»»

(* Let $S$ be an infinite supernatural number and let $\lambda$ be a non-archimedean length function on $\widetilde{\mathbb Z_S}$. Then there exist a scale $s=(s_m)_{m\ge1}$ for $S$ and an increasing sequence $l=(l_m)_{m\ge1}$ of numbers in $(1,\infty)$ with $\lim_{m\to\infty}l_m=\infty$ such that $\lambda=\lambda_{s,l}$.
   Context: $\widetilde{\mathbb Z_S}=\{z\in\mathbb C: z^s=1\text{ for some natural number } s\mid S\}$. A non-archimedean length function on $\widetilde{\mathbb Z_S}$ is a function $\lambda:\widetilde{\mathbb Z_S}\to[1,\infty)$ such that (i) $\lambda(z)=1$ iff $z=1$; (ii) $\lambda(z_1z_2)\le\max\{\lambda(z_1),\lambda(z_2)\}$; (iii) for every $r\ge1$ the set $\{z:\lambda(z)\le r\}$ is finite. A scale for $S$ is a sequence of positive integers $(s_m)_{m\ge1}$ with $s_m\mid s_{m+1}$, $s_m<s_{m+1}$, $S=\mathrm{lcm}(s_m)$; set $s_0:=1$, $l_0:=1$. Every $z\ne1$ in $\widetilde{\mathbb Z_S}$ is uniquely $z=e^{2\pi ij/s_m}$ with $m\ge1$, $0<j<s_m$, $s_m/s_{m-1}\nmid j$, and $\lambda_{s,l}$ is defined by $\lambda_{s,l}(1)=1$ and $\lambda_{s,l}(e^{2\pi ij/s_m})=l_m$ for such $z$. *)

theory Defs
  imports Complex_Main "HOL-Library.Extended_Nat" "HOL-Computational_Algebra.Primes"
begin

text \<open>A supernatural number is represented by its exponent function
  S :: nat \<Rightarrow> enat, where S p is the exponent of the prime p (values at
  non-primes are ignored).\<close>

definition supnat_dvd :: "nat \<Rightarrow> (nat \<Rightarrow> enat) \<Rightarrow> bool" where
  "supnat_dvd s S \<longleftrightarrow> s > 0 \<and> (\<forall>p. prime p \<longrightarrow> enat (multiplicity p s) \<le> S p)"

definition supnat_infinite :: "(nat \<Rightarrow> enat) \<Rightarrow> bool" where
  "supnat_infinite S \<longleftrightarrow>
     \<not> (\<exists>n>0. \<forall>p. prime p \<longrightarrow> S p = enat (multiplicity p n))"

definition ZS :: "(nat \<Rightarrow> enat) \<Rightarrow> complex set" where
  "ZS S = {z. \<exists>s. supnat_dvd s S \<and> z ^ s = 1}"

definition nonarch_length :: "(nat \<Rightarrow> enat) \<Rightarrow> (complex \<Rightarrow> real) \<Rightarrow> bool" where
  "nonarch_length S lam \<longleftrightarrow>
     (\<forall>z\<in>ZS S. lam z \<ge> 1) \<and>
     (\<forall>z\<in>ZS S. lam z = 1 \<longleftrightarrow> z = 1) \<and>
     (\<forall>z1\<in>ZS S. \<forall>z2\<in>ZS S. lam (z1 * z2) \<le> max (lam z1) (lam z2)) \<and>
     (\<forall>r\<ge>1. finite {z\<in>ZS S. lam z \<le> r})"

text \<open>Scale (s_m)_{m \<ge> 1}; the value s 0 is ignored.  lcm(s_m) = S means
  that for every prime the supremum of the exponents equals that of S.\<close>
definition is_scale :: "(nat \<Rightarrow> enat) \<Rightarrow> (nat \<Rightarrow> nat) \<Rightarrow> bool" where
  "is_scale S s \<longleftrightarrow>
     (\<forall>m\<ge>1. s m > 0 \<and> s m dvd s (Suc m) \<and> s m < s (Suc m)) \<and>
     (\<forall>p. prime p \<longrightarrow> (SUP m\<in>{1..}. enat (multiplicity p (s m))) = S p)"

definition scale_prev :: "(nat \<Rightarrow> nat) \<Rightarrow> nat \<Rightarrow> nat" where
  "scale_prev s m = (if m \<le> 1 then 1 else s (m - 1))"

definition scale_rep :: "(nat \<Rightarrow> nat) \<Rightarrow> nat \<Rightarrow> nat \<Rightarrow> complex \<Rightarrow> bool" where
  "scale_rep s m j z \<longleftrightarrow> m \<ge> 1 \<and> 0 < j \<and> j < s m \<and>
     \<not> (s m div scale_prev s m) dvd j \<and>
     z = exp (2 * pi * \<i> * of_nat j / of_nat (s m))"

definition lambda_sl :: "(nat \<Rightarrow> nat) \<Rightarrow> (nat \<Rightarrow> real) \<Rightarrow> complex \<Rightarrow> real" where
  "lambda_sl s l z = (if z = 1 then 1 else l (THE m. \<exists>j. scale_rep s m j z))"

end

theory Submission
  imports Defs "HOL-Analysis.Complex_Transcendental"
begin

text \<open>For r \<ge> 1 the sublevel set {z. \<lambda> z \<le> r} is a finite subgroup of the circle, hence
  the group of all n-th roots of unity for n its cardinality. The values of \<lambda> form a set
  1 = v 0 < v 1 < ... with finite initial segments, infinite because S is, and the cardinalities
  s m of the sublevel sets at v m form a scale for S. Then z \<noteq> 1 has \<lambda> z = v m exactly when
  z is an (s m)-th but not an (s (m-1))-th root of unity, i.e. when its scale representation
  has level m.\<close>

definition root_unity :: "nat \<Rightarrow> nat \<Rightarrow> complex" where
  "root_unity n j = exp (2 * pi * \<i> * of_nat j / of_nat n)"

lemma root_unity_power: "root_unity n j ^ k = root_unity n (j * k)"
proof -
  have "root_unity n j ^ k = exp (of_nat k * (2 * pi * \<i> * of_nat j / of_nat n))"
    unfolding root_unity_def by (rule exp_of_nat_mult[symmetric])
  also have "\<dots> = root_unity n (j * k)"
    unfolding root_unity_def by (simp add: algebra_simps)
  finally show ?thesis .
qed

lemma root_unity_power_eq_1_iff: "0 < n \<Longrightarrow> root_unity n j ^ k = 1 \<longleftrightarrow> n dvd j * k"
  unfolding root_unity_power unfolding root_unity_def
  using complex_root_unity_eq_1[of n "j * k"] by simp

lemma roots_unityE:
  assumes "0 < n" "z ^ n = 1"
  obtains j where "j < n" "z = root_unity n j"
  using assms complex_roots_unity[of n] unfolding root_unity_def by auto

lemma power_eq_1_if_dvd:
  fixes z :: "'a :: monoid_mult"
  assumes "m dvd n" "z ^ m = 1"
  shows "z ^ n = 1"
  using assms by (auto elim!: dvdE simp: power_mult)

««

◆ **YOUR OBJECTIVE**
Produce a word-for-word copy of everything above from the line holding "lam z \<le>" down to the line holding "1 = v 0 < v 1", with both of those lines kept.

◆ **ANSWER SPACE**
     (\<forall>r\<ge>1. finite {z\<in>ZS S. lam z \<le> r})"

text \<open>Scale (s_m)_{m \<ge> 1}; the value s 0 is ignored.  lcm(s_m) = S means
  that for every prime the supremum of the exponents equals that of S.\<close>
definition is_scale :: "(nat \<Rightarrow> enat) \<Rightarrow> (nat \<Rightarrow> nat) \<Rightarrow> bool" where
  "is_scale S s \<longleftrightarrow>
     (\<forall>m\<ge>1. s m > 0 \<and> s m dvd s (Suc m) \<and> s m < s (Suc m)) \<and>
     (\<forall>p. prime p \<longrightarrow> (SUP m\<in>{1..}. enat (multiplicity p (s m))) = S p)"

definition scale_prev :: "(nat \<Rightarrow> nat) \<Rightarrow> nat \<Rightarrow> nat" where
  "scale_prev s m = (if m \<le> 1 then 1 else s (m - 1))"

definition scale_rep :: "(nat \<Rightarrow> nat) \<Rightarrow> nat \<Rightarrow> nat \<Rightarrow> complex \<Rightarrow> bool" where
  "scale_rep s m j z \<longleftrightarrow> m \<ge> 1 \<and> 0 < j \<and> j < s m \<and>
     \<not> (s m div scale_prev s m) dvd j \<and>
     z = exp (2 * pi * \<i> * of_nat j / of_nat (s m))"

definition lambda_sl :: "(nat \<Rightarrow> nat) \<Rightarrow> (nat \<Rightarrow> real) \<Rightarrow> complex \<Rightarrow> real" where
  "lambda_sl s l z = (if z = 1 then 1 else l (THE m. \<exists>j. scale_rep s m j z))"

end

theory Submission
  imports Defs "HOL-Analysis.Complex_Transcendental"
begin

text \<open>For r \<ge> 1 the sublevel set {z. \<lambda> z \<le> r} is a finite subgroup of the circle, hence
  the group of all n-th roots of unity for n its cardinality. The values of \<lambda> form a set
  1 = v 0 < v 1 < ... with finite initial segments, infinite because S is, and the cardinalities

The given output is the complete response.